• **What to do**: Filter these entries, keeping only lines that hold the word "True".
────────────────────────────────────────
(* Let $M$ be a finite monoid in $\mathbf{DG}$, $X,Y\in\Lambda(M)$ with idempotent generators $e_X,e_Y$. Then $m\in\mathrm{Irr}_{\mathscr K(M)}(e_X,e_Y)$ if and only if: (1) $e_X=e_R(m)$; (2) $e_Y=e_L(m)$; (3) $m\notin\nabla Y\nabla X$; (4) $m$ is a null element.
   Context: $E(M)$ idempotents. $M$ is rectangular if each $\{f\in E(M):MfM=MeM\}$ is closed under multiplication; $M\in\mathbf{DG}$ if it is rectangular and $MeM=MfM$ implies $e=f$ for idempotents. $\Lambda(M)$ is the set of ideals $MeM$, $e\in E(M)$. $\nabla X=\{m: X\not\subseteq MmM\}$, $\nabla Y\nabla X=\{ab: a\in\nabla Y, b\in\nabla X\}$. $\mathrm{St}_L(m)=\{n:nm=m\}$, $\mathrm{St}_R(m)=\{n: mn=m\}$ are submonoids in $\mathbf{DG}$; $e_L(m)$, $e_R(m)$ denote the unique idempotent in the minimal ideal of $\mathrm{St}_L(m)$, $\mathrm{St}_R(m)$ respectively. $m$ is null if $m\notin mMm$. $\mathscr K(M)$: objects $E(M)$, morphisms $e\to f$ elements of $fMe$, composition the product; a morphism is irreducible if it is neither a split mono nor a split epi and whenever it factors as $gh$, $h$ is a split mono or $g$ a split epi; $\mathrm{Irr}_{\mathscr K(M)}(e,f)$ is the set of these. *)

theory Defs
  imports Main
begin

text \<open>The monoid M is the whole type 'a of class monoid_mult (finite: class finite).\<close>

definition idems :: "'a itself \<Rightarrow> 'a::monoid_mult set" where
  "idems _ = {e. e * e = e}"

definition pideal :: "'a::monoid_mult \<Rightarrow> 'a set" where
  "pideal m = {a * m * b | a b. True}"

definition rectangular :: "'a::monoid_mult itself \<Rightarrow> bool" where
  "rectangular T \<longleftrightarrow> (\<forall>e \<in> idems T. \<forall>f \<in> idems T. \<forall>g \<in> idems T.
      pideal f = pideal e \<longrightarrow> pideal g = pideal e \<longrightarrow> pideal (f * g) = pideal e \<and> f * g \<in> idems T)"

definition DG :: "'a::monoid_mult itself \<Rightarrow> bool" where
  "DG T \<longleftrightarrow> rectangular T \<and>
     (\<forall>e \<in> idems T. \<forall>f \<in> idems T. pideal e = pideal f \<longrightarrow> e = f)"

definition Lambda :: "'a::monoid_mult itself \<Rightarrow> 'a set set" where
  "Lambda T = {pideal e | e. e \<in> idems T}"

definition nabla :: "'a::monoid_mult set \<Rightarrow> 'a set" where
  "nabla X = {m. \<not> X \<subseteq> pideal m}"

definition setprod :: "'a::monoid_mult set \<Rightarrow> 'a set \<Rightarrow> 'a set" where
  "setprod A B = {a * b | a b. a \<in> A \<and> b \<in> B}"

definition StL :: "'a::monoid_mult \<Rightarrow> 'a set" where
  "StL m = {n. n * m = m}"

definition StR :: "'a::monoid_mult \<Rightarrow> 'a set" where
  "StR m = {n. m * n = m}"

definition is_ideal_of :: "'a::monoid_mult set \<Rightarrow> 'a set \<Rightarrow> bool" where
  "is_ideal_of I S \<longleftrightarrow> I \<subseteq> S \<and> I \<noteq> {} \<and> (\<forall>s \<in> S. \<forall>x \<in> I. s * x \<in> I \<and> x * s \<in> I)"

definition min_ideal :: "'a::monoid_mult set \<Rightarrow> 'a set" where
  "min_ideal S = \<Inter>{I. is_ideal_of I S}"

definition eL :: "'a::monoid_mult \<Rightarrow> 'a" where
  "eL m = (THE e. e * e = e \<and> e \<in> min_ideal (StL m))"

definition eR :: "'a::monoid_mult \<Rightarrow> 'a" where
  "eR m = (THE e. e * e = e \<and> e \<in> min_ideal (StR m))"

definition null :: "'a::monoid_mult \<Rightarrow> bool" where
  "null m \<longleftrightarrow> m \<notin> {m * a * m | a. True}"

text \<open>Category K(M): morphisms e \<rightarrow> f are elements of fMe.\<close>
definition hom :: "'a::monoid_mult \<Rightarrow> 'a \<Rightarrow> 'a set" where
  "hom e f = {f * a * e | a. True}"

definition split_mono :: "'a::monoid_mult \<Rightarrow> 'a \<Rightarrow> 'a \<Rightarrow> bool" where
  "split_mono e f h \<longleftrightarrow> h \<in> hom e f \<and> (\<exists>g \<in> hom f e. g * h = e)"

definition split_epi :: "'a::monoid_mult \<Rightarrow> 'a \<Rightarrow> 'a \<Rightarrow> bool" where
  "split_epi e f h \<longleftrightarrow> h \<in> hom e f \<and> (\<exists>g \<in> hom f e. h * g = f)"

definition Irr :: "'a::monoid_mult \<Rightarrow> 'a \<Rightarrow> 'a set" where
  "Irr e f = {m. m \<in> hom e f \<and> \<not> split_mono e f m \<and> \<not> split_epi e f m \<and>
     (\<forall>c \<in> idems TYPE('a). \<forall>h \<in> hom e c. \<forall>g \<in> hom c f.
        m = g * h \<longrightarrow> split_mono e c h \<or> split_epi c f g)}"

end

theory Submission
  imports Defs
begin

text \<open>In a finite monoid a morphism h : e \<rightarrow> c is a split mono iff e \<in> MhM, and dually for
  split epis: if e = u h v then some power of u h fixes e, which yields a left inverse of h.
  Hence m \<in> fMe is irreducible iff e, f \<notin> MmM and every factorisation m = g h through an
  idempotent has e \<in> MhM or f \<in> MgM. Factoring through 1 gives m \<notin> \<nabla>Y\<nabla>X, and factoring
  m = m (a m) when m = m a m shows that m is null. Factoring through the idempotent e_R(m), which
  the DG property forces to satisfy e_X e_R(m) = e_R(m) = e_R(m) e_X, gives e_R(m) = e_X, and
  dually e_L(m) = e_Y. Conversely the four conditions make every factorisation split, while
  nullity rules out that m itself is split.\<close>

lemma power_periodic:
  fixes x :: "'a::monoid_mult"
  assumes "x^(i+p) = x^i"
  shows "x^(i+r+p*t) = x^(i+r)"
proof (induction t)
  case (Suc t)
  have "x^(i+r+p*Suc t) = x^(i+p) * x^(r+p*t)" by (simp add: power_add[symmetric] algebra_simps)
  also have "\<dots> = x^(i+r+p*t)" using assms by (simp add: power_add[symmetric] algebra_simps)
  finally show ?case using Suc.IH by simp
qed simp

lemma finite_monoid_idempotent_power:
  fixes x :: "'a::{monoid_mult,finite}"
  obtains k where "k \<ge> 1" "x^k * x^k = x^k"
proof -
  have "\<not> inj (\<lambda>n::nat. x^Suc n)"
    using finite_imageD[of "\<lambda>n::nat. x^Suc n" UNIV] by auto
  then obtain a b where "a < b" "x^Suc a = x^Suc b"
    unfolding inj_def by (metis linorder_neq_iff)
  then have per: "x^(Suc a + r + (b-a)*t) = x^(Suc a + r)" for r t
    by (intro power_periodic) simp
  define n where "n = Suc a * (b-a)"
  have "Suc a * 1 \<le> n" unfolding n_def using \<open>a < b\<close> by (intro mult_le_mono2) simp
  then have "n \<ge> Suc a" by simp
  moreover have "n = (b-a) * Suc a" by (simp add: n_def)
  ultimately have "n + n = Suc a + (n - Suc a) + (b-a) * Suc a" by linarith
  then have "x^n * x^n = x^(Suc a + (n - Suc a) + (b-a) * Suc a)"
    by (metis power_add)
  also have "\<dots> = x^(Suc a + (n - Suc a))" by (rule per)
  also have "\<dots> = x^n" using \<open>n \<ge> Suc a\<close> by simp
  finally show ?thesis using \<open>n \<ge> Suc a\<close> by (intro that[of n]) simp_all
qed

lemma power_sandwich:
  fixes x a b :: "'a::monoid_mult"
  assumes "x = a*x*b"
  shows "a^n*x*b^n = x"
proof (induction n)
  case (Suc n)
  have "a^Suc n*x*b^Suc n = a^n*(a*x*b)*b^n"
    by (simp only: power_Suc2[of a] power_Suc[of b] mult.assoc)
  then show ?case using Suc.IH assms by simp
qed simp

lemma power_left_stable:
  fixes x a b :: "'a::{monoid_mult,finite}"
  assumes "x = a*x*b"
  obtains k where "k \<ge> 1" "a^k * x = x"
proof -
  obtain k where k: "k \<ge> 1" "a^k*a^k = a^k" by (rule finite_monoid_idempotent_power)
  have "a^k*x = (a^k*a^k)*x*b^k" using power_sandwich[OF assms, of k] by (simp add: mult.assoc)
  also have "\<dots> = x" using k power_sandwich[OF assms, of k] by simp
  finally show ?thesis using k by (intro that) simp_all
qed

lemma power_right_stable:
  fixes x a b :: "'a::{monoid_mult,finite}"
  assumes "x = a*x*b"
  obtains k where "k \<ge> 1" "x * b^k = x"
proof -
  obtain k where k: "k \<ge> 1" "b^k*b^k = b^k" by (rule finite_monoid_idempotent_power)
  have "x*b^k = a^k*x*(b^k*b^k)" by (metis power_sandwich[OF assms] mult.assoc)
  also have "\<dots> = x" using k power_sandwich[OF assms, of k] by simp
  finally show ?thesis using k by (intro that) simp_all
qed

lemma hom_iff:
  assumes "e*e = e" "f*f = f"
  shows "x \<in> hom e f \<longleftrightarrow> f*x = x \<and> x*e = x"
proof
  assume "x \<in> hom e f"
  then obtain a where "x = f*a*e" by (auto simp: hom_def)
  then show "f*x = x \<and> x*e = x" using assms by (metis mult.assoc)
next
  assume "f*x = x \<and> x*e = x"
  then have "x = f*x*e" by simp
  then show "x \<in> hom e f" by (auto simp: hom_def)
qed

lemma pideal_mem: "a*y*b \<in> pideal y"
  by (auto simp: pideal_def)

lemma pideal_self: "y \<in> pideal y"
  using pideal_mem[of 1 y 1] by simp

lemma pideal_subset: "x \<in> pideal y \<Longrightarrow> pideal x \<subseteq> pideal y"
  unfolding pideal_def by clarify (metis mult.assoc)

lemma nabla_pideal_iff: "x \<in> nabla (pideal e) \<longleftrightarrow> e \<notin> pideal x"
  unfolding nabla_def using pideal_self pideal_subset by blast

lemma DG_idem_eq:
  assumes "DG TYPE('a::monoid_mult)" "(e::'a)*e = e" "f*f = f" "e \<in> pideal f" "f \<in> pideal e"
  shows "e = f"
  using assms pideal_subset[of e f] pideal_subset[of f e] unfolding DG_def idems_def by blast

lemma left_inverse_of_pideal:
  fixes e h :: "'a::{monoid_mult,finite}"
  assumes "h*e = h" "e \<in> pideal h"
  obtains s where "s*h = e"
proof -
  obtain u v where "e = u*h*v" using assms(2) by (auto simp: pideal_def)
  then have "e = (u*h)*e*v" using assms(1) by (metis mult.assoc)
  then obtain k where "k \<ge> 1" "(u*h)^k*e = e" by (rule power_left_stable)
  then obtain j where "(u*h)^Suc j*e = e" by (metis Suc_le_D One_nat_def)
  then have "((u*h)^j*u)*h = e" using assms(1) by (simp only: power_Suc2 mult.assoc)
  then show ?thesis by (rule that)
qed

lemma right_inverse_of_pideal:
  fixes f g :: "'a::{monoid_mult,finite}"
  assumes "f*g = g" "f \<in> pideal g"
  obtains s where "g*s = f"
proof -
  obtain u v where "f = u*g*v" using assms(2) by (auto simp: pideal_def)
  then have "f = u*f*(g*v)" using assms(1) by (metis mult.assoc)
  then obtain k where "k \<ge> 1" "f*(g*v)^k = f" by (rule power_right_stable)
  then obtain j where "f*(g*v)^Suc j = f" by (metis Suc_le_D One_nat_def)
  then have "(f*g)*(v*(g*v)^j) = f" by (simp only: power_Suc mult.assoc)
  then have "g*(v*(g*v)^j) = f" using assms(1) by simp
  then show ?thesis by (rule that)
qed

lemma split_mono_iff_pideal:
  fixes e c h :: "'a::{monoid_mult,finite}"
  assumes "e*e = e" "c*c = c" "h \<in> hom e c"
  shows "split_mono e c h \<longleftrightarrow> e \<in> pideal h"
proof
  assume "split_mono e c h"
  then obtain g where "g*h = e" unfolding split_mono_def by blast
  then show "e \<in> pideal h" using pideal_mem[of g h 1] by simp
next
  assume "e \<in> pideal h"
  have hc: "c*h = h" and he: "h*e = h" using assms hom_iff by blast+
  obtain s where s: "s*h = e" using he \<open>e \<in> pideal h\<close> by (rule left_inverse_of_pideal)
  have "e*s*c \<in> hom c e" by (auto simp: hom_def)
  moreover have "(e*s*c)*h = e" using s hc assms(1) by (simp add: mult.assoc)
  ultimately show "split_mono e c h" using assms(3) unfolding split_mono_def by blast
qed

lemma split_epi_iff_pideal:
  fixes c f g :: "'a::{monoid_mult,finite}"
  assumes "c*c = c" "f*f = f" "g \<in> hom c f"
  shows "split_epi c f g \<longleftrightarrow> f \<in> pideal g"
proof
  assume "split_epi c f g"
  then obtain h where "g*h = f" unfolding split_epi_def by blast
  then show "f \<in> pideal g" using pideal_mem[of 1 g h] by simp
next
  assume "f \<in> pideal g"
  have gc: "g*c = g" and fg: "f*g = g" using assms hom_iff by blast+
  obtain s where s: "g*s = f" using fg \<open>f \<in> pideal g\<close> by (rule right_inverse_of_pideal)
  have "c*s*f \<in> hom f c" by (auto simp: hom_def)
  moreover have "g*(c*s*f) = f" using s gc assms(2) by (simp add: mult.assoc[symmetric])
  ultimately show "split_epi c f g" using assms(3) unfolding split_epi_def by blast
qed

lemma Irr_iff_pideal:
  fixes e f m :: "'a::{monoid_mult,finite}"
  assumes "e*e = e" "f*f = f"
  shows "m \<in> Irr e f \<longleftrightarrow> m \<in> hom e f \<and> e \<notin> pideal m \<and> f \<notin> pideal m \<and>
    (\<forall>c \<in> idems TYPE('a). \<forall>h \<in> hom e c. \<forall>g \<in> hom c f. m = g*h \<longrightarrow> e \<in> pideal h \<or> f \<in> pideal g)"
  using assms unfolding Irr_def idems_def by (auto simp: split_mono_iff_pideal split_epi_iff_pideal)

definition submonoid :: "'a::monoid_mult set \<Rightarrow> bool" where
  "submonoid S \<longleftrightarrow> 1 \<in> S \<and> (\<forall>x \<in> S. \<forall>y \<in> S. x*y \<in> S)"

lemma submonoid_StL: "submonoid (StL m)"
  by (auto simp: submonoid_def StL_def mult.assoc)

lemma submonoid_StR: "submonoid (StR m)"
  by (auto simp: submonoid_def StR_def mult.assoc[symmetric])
────────────────────────────────────────
• **Expected answer**:
  "pideal m = {a * m * b | a b. True}"
  "null m \<longleftrightarrow> m \<notin> {m * a * m | a. True}"
  "hom e f = {f * a * e | a. True}"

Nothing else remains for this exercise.